Memory dump analysis is also an essential part of forensic examination. Dumps contain lots of info about what happened on the computer. You can capture a RAM dump, for example, with Belkasoft RAM Capturer.
For registry analysis, try Regshot.
For network traffic analysis, I recommend Wireshark and NetworkMiner. Wireshark is good for identifying different packet types and connections between nodes. It helps identify protocol characteristics used in Tor. NetworkMiner specializes in analyzing network traffic and finding hidden connections and patterns. It can help detect and analyze activity in the Tor network, including information exchange and use of anonymous proxy servers.
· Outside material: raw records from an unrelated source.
text \<open>Extend the matching consisting of f alone to a maximal one; it meets C in an edge
  other than f, which must therefore be disjoint from f.\<close>
lemma strong_clique_line_graph_has_disjoint_edge:
  assumes "finite E" "strong_clique E (line_graph_edges E) C" "f \<in> E" "f \<notin> C"
  shows "\<exists>g\<in>C. g \<inter> f = {}"
proof -
  have "matching E {f}" using assms(3) unfolding matching_def by auto
  then obtain M where M: "maximal_matching E M" "f \<in> M"
    using matching_extends_to_maximal_matching[OF assms(1)] by blast
  then obtain g where g: "g \<in> C" "g \<in> M"
    using assms(2) unfolding strong_clique_line_graph_iff by blast
  have "matching E M" using M(1) unfolding maximal_matching_def by blast
  moreover have "g \<noteq> f" using g(1) assms(4) by blast
  ultimately have "g \<inter> f = {}" using g(2) M(2) unfolding matching_def by blast
  then show ?thesis using g(1) by blast
qed

section \<open>Strong cliques of the line graph\<close>

definition star :: "'a set set \<Rightarrow> 'a \<Rightarrow> 'a set set" where
  "star E v = {e \<in> E. v \<in> e}"

lemma vertex_if_star_nonempty: "graph V E \<Longrightarrow> star E v \<noteq> {} \<Longrightarrow> v \<in> V"
  unfolding graph_def star_def by blast

lemma strong_clique_star_iff:
  "strong_clique E (line_graph_edges E) (star E v) \<longleftrightarrow> strong_vertex E v"
proof -
  have "clique E (line_graph_edges E) (star E v)"
    unfolding clique_line_graph_iff star_def by blast
  moreover have "star E v \<inter> M \<noteq> {} \<longleftrightarrow> v \<in> \<Union>M" if "maximal_matching E M" for M
    using maximal_matching_subset[OF that] unfolding star_def by blast
  ultimately show ?thesis unfolding strong_clique_line_graph_iff strong_vertex_def by blast
qed

lemma strong_clique_triangle_edges_iff:
  assumes "triangle V E t"
  shows "strong_clique E (line_graph_edges E) (triangle_edges t) \<longleftrightarrow> strong_triangle E t"
proof -
  obtain a b c where "a \<noteq> b" "a \<noteq> c" "b \<noteq> c" "triangle_edges t = {{a, b}, {a, c}, {b, c}}"
    using assms unfolding triangle_def by (metis card_3_triangle_edges_cases)
  then have "clique E (line_graph_edges E) (triangle_edges t)"
    using triangle_edges_subset[OF assms] unfolding clique_line_graph_iff by auto
  then show ?thesis unfolding strong_clique_line_graph_iff strong_triangle_def by blast
qed

lemma strong_vertex_star_nonempty:
  assumes "finite E" "strong_vertex E v"
  shows "star E v \<noteq> {}"
proof -
  have "matching E {}" unfolding matching_def by simp
  then obtain M where "maximal_matching E M"
    using matching_extends_to_maximal_matching[OF assms(1)] by blast
  then have "v \<in> \<Union>M" "M \<subseteq> E"
    using assms(2) maximal_matching_subset unfolding strong_vertex_def by blast+
  then show ?thesis unfolding star_def by blast
qed

lemma strong_clique_line_graph_eq_star:
  assumes "finite E" "strong_clique E (line_graph_edges E) C" "\<And>e. e \<in> C \<Longrightarrow> v \<in> e"
  shows "C = star E v"
proof
  show "C \<subseteq> star E v"
    using assms(2,3) unfolding strong_clique_def clique_line_graph_iff star_def by blast
  show "star E v \<subseteq> C"
  proof
    fix f assume f: "f \<in> star E v"
    show "f \<in> C"
    proof (rule ccontr)
      assume "f \<notin> C"
      then obtain g where "g \<in> C" "g \<inter> f = {}"
        using strong_clique_line_graph_has_disjoint_edge[OF assms(1,2)] f unfolding star_def by blast
      then show False using assms(3) f unfolding star_def by blast
    qed
  qed
qed

lemma strong_clique_line_graph_cases:
  assumes G: "graph V E" and strong: "strong_clique E (line_graph_edges E) C"
  shows "(\<exists>v. C = star E v) \<or> (\<exists>t. triangle V E t \<and> C = triangle_edges t)"
proof (cases "\<exists>v. \<forall>e\<in>C. v \<in> e")
  case True
  then show ?thesis using strong_clique_line_graph_eq_star[OF graph_finite_edges[OF G] strong] by blast
next
  case False
  have CE: "C \<subseteq> E" and adjacent: "\<And>e f. e \<in> C \<Longrightarrow> f \<in> C \<Longrightarrow> e \<noteq> f \<Longrightarrow> e \<inter> f \<noteq> {}"
    using strong unfolding strong_clique_def clique_line_graph_iff by blast+
  have pairs: "\<And>e. e \<in> C \<Longrightarrow> card e = 2" and in_V: "\<And>e. e \<in> C \<Longrightarrow> e \<subseteq> V"
    using G CE unfolding graph_def by blast+
  have "e \<inter> f \<noteq> {}" if "e \<in> C" "f \<in> C" for e f
  proof (cases "e = f")
    case True
    then show ?thesis using pairs[OF that(1)] by fastforce
  qed (use adjacent that in blast)
  moreover have "\<exists>e\<in>C. v \<notin> e" for v using False by blast
  ultimately obtain t where t: "card t = 3" "C = triangle_edges t"
    using pairwise_intersecting_pairs_triangle[OF pairs] by blast
  have "triangle V E t"
    unfolding triangle_def
  proof (intro conjI ballI impI)
    show "t \<subseteq> V" using in_V Union_triangle_edges[OF t(1)] t(2) by blast
    show "card t = 3" by (fact t(1))
    fix u w assume "u \<in> t" "w \<in> t" "u \<noteq> w"
    then have "{u, w} \<in> C" unfolding t(2) triangle_edges_def by simp
    then show "{u, w} \<in> E" using CE by blast
  qed
  then show ?thesis using t(2) by blast
qed

section \<open>Partitions into stars and triangles\<close>

lemma partition_on_block_eq:
  "partition_on A P \<Longrightarrow> p \<in> P \<Longrightarrow> q \<in> P \<Longrightarrow> x \<in> p \<Longrightarrow> x \<in> q \<Longrightarrow> p = q"
  using disjointD[OF partition_onD2] by blast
And of course, you should study the Tor Browser’s own database, located at:
TorBrowser\Browser\TorBrowser\Data\Browser\Profile.default
Depending on browser settings, this may store browsing history, bookmarks, saved passwords, cookies, and other user data.
Studying Bitcoin wallet data is a separate and complex topic, but for evidence collection, you can use Internet Evidence Finder.
Conclusion
Despite the apparent anonymity of Tor sites, there are always ways to identify their owners. Some methods are complex and require serious work, but since admins also make mistakes, they sometimes work. I recommend everyone involved in such investigations to use not only the tactics described here, but also those that work in the clearnet.